Prime Minister of Morocco
- Incumbent
- Assumed office 7 October 2021
- Monarch: Mohammed VI
- Preceded by: Saadeddine Othmani

Leader of the National Rally of Independents
- In office 12 October 2016 – 7 February 2026
- Preceded by: Salaheddine Mezouar
- Succeeded by: Mohamed Chaouki

Minister of Agriculture, Fisheries, Rural Development, Water and Forests
- In office 6 April 2017 – 10 September 2021
- Prime Minister: Saadeddine Othmani
- Preceded by: Himself (as Minister of Agriculture and Fisheries)
- Succeeded by: Mohamed Sadiki

Minister of Agriculture and Fisheries
- In office 15 October 2007 – 6 April 2017
- Prime Minister: Abbas El Fassi Abdelilah Benkirane
- Preceded by: Mohand Laenser
- Succeeded by: Himself (as Minister of Agriculture, Fisheries, Rural Development, Water and Forests)

Personal details
- Born: 16 August 1961 (age 65) Tafraout, Morocco
- Party: National Rally of Independents (2007–2012, 2016–present)
- Other political affiliations: Independent (2012–2016)
- Spouse: Salwa Idrissi
- Children: 3
- Relatives: Abd al-Hady Akhannouch (brother)
- Education: Université de Sherbrooke
- Occupation: Businessman, politician
- Website: www.akwagroup.com

= Aziz Akhannouch =

Prime Minister of Morocco since 2021

Aziz Akhannouch (عزيز أخنوش, ⵄⴰⵣⵉⵣ ⴰⵅⵏⵏⵓⵛ; born 16 August 1961) is a Moroccan politician, businessman, and billionaire who has served as the Prime Minister of Morocco since 2021. He served as Minister of Agriculture from 2007 to 2021 and is also the CEO of Akwa Group. His political career has been generally characterized by several controversies, including accusations of corruption and negative relations with the press.

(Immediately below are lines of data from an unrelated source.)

lemma gain_inner_ge: "(x v - x u) powr s \<le> (\<Sum>i\<in>{u..v}. \<Sum>j\<in>{i<..v}. gain i j)"
proof -
  note uv = pair_range
  define d where "d = x v - x u"
  define Q where "Q i = x i - x u" for i
  define W where "W i = (\<Sum>j\<in>{i<..v}. A ^ (j - i))" for i
  have Q: "0 \<le> Q i" if "u \<le> i" "i \<le> v" for i
    using that uv x_mono[of u i] unfolding Q_def by simp
  have W_rec: "1 + W (Suc i) \<le> \<rho> * s * W i" if "u \<le> i" "i < v" for i
  proof -
    have "\<rho> * s * W i = 2 + 2 * W (Suc i)"
      using that power_tail_sum_unfold[of i v A] weight unfolding W_def by (simp add: algebra_simps)
    moreover have "0 \<le> W (Suc i)" unfolding W_def using A_pos by (intro sum_nonneg) simp
    ultimately show ?thesis by simp
  qed
  have "(\<Sum>i\<in>{u..<v}. Q (Suc i)) + W v * Q v - W u * Q u
          \<le> (\<Sum>i\<in>{u..<v}. W i * (\<rho> * s * Q (Suc i) - Q i))"
    using uv W_rec Q by (intro weighted_increment_sum_ge) auto
  moreover have "W v = 0" "Q u = 0" unfolding W_def Q_def by simp_all
  moreover have "Q (Suc (v - 1)) \<le> (\<Sum>i\<in>{u..<v}. Q (Suc i))"
    by (rule member_le_sum [where f = "\<lambda>i. Q (Suc i)"]) (use uv Q in auto)
  moreover have "Suc (v - 1) = v" "Q v = d" using uv unfolding Q_def d_def by simp_all
  ultimately have "d \<le> (\<Sum>i\<in>{u..v}. W i * (\<rho> * s * Q (Suc i) - Q i))"
    using uv by (simp add: sum.last_plus)
  then have "d powr (s - 1) * d \<le> d powr (s - 1) * (\<Sum>i\<in>{u..v}. W i * (\<rho> * s * Q (Suc i) - Q i))"
    by (rule mult_left_mono) simp
  also have "\<dots> = (\<Sum>i\<in>{u..v}. d powr (s - 1) * (W i * (\<rho> * s * Q (Suc i) - Q i)))"
    by (simp add: sum_distrib_left)
  also have "\<dots> \<le> (\<Sum>i\<in>{u..v}. \<Sum>j\<in>{i<..v}. gain i j)"
    by (rule sum_mono) (use gain_inner_row_ge in \<open>auto simp: d_def W_def Q_def\<close>)
  finally show ?thesis
    using uv x_mono[of u v] unfolding d_def by (simp add: powr_mult_base mult.commute)
qed

text \<open>Pairs with exactly one endpoint in \<open>[u, v]\<close> lose nothing in total, so the pairs inside
  \<open>[u, v]\<close> alone pay for the step.\<close>
lemma gain_total_ge: "(x v - x u) powr s \<le> (\<Sum>i\<in>{1..n}. \<Sum>j\<in>{i<..n}. gain i j)"
proof -
  note uv = pair_range
  define S where "S i = (\<Sum>j\<in>{i<..n}. gain i j)" for i
  have S_outside: "0 \<le> S i" if i: "i \<in> {1..n} - {u..v}" for i
  proof (cases "i < u")
    case True
    have "S i = (\<Sum>j\<in>{u..v}. gain i j)" unfolding S_def
      by (rule sum.mono_neutral_right) (use True uv i gain_fixed_pair in auto)
    then show ?thesis using gain_left_nonneg[of i] True i by simp
  next
    case False
    then have "v < i" using i by auto
    then show ?thesis unfolding S_def using i gain_fixed_pair by (simp add: sum.neutral)
  qed
  have "S i = (\<Sum>j\<in>{i<..v}. gain i j) + (\<Sum>j\<in>{v<..n}. gain i j)" if "i \<in> {u..v}" for i
  proof -
    have "{i<..n} = {i<..v} \<union> {v<..n}" using that uv by auto
    then show ?thesis unfolding S_def by (simp add: sum.union_disjoint)
  qed
  then have "(\<Sum>i\<in>{u..v}. S i)
      = (\<Sum>i\<in>{u..v}. \<Sum>j\<in>{i<..v}. gain i j) + (\<Sum>j\<in>{v<..n}. \<Sum>i\<in>{u..v}. gain i j)"
    by (simp add: sum.distrib sum.swap [of _ "{u..v}"])
  moreover have "0 \<le> (\<Sum>j\<in>{v<..n}. \<Sum>i\<in>{u..v}. gain i j)"
    by (rule sum_nonneg) (use gain_right_nonneg in auto)
  moreover have "(\<Sum>i\<in>{u..v}. S i) \<le> (\<Sum>i\<in>{1..n}. S i)"
    by (rule sum_mono2) (use S_outside uv in auto)
  ultimately show ?thesis using gain_inner_ge unfolding S_def by linarith
qed

lemma potential_decrease: "(x v - x u) powr s \<le> pair_potential A s n x - pair_potential A s n y"
  using gain_total_ge unfolding pair_potential_def gain_def
  by (simp add: sum_subtractf right_diff_distrib)

end

lemma pair_potential_bounds:
  assumes "0 < s" "0 \<le> A" "config n z"
  shows "0 \<le> pair_potential A s n z" "pair_potential A s n z \<le> (\<Sum>i\<in>{1..n}. \<Sum>j\<in>{i<..n}. A ^ (j - i))"
proof -
  show "0 \<le> pair_potential A s n z"
    unfolding pair_potential_def using assms by (intro sum_nonneg) auto
  have "(z j - z i) powr s \<le> 1" if "i \<in> {1..n}" "j \<in> {i<..n}" for i j
  proof -
    have "0 \<le> z i" "z i \<le> z j" "z j \<le> 1" using assms(3) that unfolding config_def by auto
    then show ?thesis using assms(1) by (intro powr_le1) auto
  qed
  then show "pair_potential A s n z \<le> (\<Sum>i\<in>{1..n}. \<Sum>j\<in>{i<..n}. A ^ (j - i))"
    unfolding pair_potential_def using assms(2) by (intro sum_mono) (simp add: mult_left_le)
qed

lemma summable_le_of_potential:
  fixes f \<Phi> :: "nat \<Rightarrow> real"
  assumes f_nonneg: "\<And>t. 0 \<le> f t" and decrease: "\<And>t. f t \<le> \<Phi> t - \<Phi> (Suc t)"
    and \<Phi>_nonneg: "\<And>t. 0 \<le> \<Phi> t"
  shows "summable f" "(\<Sum>t. f t) \<le> \<Phi> 0"
proof -
  have partial: "(\<Sum>t<T. f t) \<le> \<Phi> 0" for T
  proof -
    have "(\<Sum>t<T. f t) \<le> (\<Sum>t<T. \<Phi> t - \<Phi> (Suc t))" by (intro sum_mono decrease)
    also have "\<dots> = \<Phi> 0 - \<Phi> T" by (simp add: sum_lessThan_telescope')
    finally show ?thesis using \<Phi>_nonneg[of T] by linarith
  qed
  show "summable f" by (rule summableI_nonneg_bounded [OF f_nonneg partial])
  then show "(\<Sum>t. f t) \<le> \<Phi> 0" by (rule suminf_le_const [OF _ partial])
qed

lemma sum_power_greaterThan_atMost_le:
  fixes A :: real
  assumes A: "4 \<le> A" and "i \<le> m"
  shows "(\<Sum>j\<in>{i<..m}. A ^ (j - i)) \<le> 4/3 * A ^ (m - i)"
  using \<open>i \<le> m\<close>
proof (induction m rule: dec_induct)
  case base
  then show ?case by simp
next
  case (step m)
  have "{i<..Suc m} = insert (Suc m) {i<..m}" using step.hyps by auto
  moreover have "Suc m - i = Suc (m - i)" using step.hyps by simp
  moreover have "4/3 * A ^ (m - i) \<le> 1/3 * (A * A ^ (m - i))"
    using A by (simp add: mult.assoc [symmetric] mult_right_mono)
  ultimately show ?case using step.IH by simp
qed

lemma sum_power_diff_atLeastLessThan_le:
  fixes A :: real
  assumes A: "4 \<le> A" and "i \<le> n"
  shows "(\<Sum>l\<in>{i..<n}. A ^ (n - l)) \<le> 4/3 * A ^ (n - i)"
  using \<open>i \<le> n\<close>
proof (induction i rule: inc_induct)
  case base
  then show ?case by simp
next
  case (step i)
  have "{i..<n} = insert i {Suc i..<n}" using step.hyps by auto
  moreover have "n - i = Suc (n - Suc i)" using step.hyps by simp
  moreover have "4/3 * A ^ (n - Suc i) \<le> 1/3 * (A * A ^ (n - Suc i))"
    using A by (simp add: mult.assoc [symmetric] mult_right_mono)
  ultimately show ?case using step.IH by simp
qed

lemma pair_weight_sum_two: "(\<Sum>i\<in>{1..2::nat}. \<Sum>j\<in>{i<..2}. A ^ (j - i)) = (A :: real)"
proof -
  have "{1..2::nat} = {1, 2}" "{1<..2::nat} = {2}" "{2<..2::nat} = {}" by auto
  then show ?thesis by simp
qed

Akhannouch's government has been characterized by inflation, as well as continued protests and suppression of dissenting opinions.

==Early life and education==
Akhannouch was born in 1961 in Tafraout and raised in Casablanca. His mother and sister were survivors of the 1960 Agadir earthquake that killed ten of his family members; they were reported to have been left buried beneath rubble for several hours before being rescued.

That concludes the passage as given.